Workplace trends are changing the security agenda
One of the primary drivers of change in the market is digital transformation. It would be difficult to overstate the effect transformation is having on every organization’s IT strategy. More and more companies are moving critical business processes and applications to the cloud. Industry heavyweights like Microsoft, Oracle, and SAP are investing massively in their own cloud offerings, and there is a growing market for cloud-only apps, led by trailblazers like Salesforce.
Meanwhile, the volume of Internet-enabled devices continues to grow. Workplace mobility is enabling employees to access corporate resources on networks or cloud-based applications from anywhere in the world and on any device. As a result, employees and data have left the network perimeter that has traditionally safeguarded organisations — and vendors of those traditional safeguards are struggling to cope in this new world of IT.

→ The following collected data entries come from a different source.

(* Let $A$ be an Archimedean semiprime $f$-algebra which is relatively uniformly complete. Then $A$ is bounded quasi-inversion closed, i.e., for every $a\in A$ with $|a|\le|a^2-a|$ there exists $a^\ast\in A$ with $a+a^\ast=aa^\ast$.
   Context: An $f$-algebra is a real associative algebra that is a vector lattice with $A_+A_+\subseteq A_+$ and such that $a\wedge b=0$ implies $ac\wedge b=ca\wedge b=0$ for all $c\in A_+$; it is semiprime if $0$ is its only nilpotent element. Relative uniform completeness is the standard notion for vector lattices. *)

theory Defs
  imports Complex_Main
begin

text \<open>Elements of a real vector lattice carrying an associative (not necessarily unital)
real algebra structure are modelled by a type of class
{real_algebra, ordered_real_vector, lattice}; the order is shared by all classes.\<close>

definition vabs :: "'a::{ordered_real_vector, lattice} \<Rightarrow> 'a" where
  "vabs a = sup a (- a)"

definition archimedean_vl :: "'a::{ordered_real_vector, lattice} itself \<Rightarrow> bool" where
  "archimedean_vl _ \<longleftrightarrow>
     (\<forall>u v :: 'a. 0 \<le> u \<and> 0 \<le> v \<and> (\<forall>n::nat. real n *\<^sub>R u \<le> v) \<longrightarrow> u = 0)"

definition ru_converges :: "(nat \<Rightarrow> 'a::{ordered_real_vector, lattice}) \<Rightarrow> 'a \<Rightarrow> bool" where
  "ru_converges x l \<longleftrightarrow>
     (\<exists>e. 0 \<le> e \<and> (\<forall>\<epsilon>::real. \<epsilon> > 0 \<longrightarrow>
        (\<exists>N. \<forall>n\<ge>N. vabs (x n - l) \<le> \<epsilon> *\<^sub>R e)))"

definition ru_cauchy :: "(nat \<Rightarrow> 'a::{ordered_real_vector, lattice}) \<Rightarrow> bool" where
  "ru_cauchy x \<longleftrightarrow>
     (\<exists>e. 0 \<le> e \<and> (\<forall>\<epsilon>::real. \<epsilon> > 0 \<longrightarrow>
        (\<exists>N. \<forall>m\<ge>N. \<forall>n\<ge>N. vabs (x m - x n) \<le> \<epsilon> *\<^sub>R e)))"

definition ru_complete :: "'a::{ordered_real_vector, lattice} itself \<Rightarrow> bool" where
  "ru_complete _ \<longleftrightarrow> (\<forall>x :: nat \<Rightarrow> 'a. ru_cauchy x \<longrightarrow> (\<exists>l. ru_converges x l))"

definition f_algebra :: "'a::{real_algebra, ordered_real_vector, lattice} itself \<Rightarrow> bool" where
  "f_algebra _ \<longleftrightarrow>
     (\<forall>a b :: 'a. 0 \<le> a \<and> 0 \<le> b \<longrightarrow> 0 \<le> a * b) \<and>
     (\<forall>a b c :: 'a. inf a b = 0 \<and> 0 \<le> c \<longrightarrow> inf (a * c) b = 0 \<and> inf (c * a) b = 0)"

text \<open>Positive powers in a possibly non-unital ring: npow a n = a^(n+1).\<close>
fun npow :: "'a::semigroup_mult \<Rightarrow> nat \<Rightarrow> 'a" where
  "npow a 0 = a"
| "npow a (Suc n) = a * npow a n"

definition semiprime :: "'a::{ring} itself \<Rightarrow> bool" where
  "semiprime _ \<longleftrightarrow> (\<forall>a :: 'a. (\<exists>n. npow a n = 0) \<longrightarrow> a = 0)"

end

(*
  By semiprimeness, |a| <= |a^2 - a| already forces |a| <= a^2 - a, so a + a - a^2 <= 0, and a
  quasi-inverse of a is built from one of the non-positive element a + a - a^2 =: -q, i.e. from
  a solution of x + q x = q (formally x = q/(1 + q)).  Where q <= v, 1/(1 + q) is the geometric
  series sum_k c^(k+1) (v - q)^k with c = 1/(v + 1).  Its terms q ((v - q)^+)^k can be built
  without a unit, and semiprimeness makes their partial sums telescope, which solves
  x + q x = q up to an error of size (q^2 + q)/(v + 1).  As v grows these approximate solutions
  form a relatively uniform Cauchy sequence, because |y| <= |y + q y|, and by the Archimedean
  property the limit solves the equation exactly.
*)

theory Submission
  imports Defs "HOL-Library.Lattice_Algebras"
begin

interpretation vl: lattice_ab_group_add "(+)" "0::'a::{ordered_real_vector, lattice}" "(-)" uminus
    "(\<le>)" "(<)" inf sup
  by unfold_locales

(* vl.nprt x = inf x 0 is the non-positive part, so the negative part is - vl.nprt x. *)

lemma pprt_diff_pprt_uminus: "vl.pprt x - vl.pprt (- x) = x"
  by (metis vl.prts vl.pprt_neg diff_minus_eq_add)

lemma inf_pprt_neg_nprt: "inf (vl.pprt x) (- vl.nprt x) = 0"
proof -
  have "inf (vl.pprt x) (- vl.nprt x) + vl.nprt x = inf (vl.pprt x + vl.nprt x) 0"
    by (simp add: vl.add_inf_distrib_right)
  also have "\<dots> = vl.nprt x"
    by (metis vl.prts vl.nprt_def)
  finally show ?thesis by simp
qed

lemma vabs_eq_pprt_minus_nprt: "vabs x = vl.pprt x - vl.nprt x"
proof -
  have "vl.pprt x - vl.nprt x = sup (x - vl.nprt x) (- vl.nprt x)"
    using vl.add_sup_distrib_right[of x 0 "- vl.nprt x"] by (simp add: vl.pprt_def)
  also have "x - vl.nprt x = vl.pprt x"
    using vl.prts[of x] by (simp add: algebra_simps)
  also have "sup (vl.pprt x) (- vl.nprt x) = sup (sup x (- x)) 0"
    by (simp add: vl.pprt_def vl.nprt_def vl.neg_inf_eq_sup sup_aci)
  also have "\<dots> = vabs x"
    using vl.zero_le_double_add_iff_zero_le_single_add[of "sup x (- x)"]
      add_mono[OF sup.cobounded1[of x "- x"] sup.cobounded2[of "- x" x]]
    by (simp add: vabs_def sup.absorb1)
  finally show ?thesis ..
qed

lemma vabs_nonneg: "0 \<le> vabs x"
  using order_trans[OF vl.nprt_le_zero vl.zero_le_pprt, of x x] by (simp add: vabs_eq_pprt_minus_nprt)

lemma vabs_le_iff: "vabs x \<le> y \<longleftrightarrow> x \<le> y \<and> - x \<le> y"
  by (simp add: vabs_def)

lemma vabs_ge_self: "x \<le> vabs x"
  by (simp add: vabs_def)

lemma vabs_minus: "vabs (- x) = vabs x"
  by (simp add: vabs_def sup.commute)

lemma vabs_minus_commute: "vabs (x - y) = vabs (y - x)"
  using vabs_minus[of "x - y"] by simp

lemma vabs_triangle: "vabs (x + y) \<le> vabs x + vabs y"
  unfolding vabs_le_iff
  using add_mono[of x "vabs x" y "vabs y"] add_mono[of "- x" "vabs x" "- y" "vabs y"]
  by (simp add: vabs_def)

lemma vabs_of_nonneg: "0 \<le> x \<Longrightarrow> vabs x = x"
  by (simp add: vabs_def sup.absorb1 order_trans[of "- x" 0 x])

lemma vabs_eq_0_iff: "vabs x = 0 \<longleftrightarrow> x = 0"
  by (simp add: vabs_def)

lemma disjoint_nonneg:
  fixes x y :: "'a::{ordered_real_vector, lattice}"
  assumes "inf x y = 0" shows "0 \<le> x" "0 \<le> y"
  using inf.cobounded1[of x y] inf.cobounded2[of x y] assms by simp_all

lemma pprt_diff_of_disjoint:
  fixes x y :: "'a::{ordered_real_vector, lattice}"
  assumes "inf x y = 0" shows "vl.pprt (x - y) = x"
proof -
  have "vl.pprt (x - y) = sup x y - y"
    using vl.add_sup_distrib_right[of x y "- y"] by (simp add: vl.pprt_def)
  also have "sup x y = x + y"
    using vl.add_eq_inf_sup[of x y] assms by simp
  finally show ?thesis by simp
qed

lemma vabs_diff_of_disjoint:
  fixes x y :: "'a::{ordered_real_vector, lattice}"
  assumes "inf x y = 0" shows "vabs (x - y) = x + y"
proof -
  have "vl.nprt (x - y) = - y"
    using vl.prts[of "x - y"] pprt_diff_of_disjoint[OF assms] by (simp add: algebra_simps eq_neg_iff_add_eq_0)
  then show ?thesis
    by (simp add: vabs_eq_pprt_minus_nprt pprt_diff_of_disjoint[OF assms])
qed

lemma disjoint_mono:
  fixes x y :: "'a::{ordered_real_vector, lattice}"
  assumes "0 \<le> x" "x \<le> x'" "inf x' y = 0" shows "inf x y = 0"
  using assms disjoint_nonneg(2)[OF assms(3)] inf_mono[OF assms(2) order_refl, of y]
  by (simp add: antisym)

The threat landscape is evolving, too
Cybercriminals, knowing that users have left the security perimeter and taken their devices and data with them, are looking to exploit gaps in security and catch poorly protected off-network employees. At the same time, cyberattacks are becoming more sophisticated and more targeted. They’re also hiding behind stealth technologies and SSL encryption, or even morphing to evade discovery. These techniques have rendered conventional signature-based detection ineffective, and the security market has developed new techniques for dealing with more advanced, and more persistent, threats. The need for new technologies explains why incumbent market players are trying to expand their security portfolio through acquisition.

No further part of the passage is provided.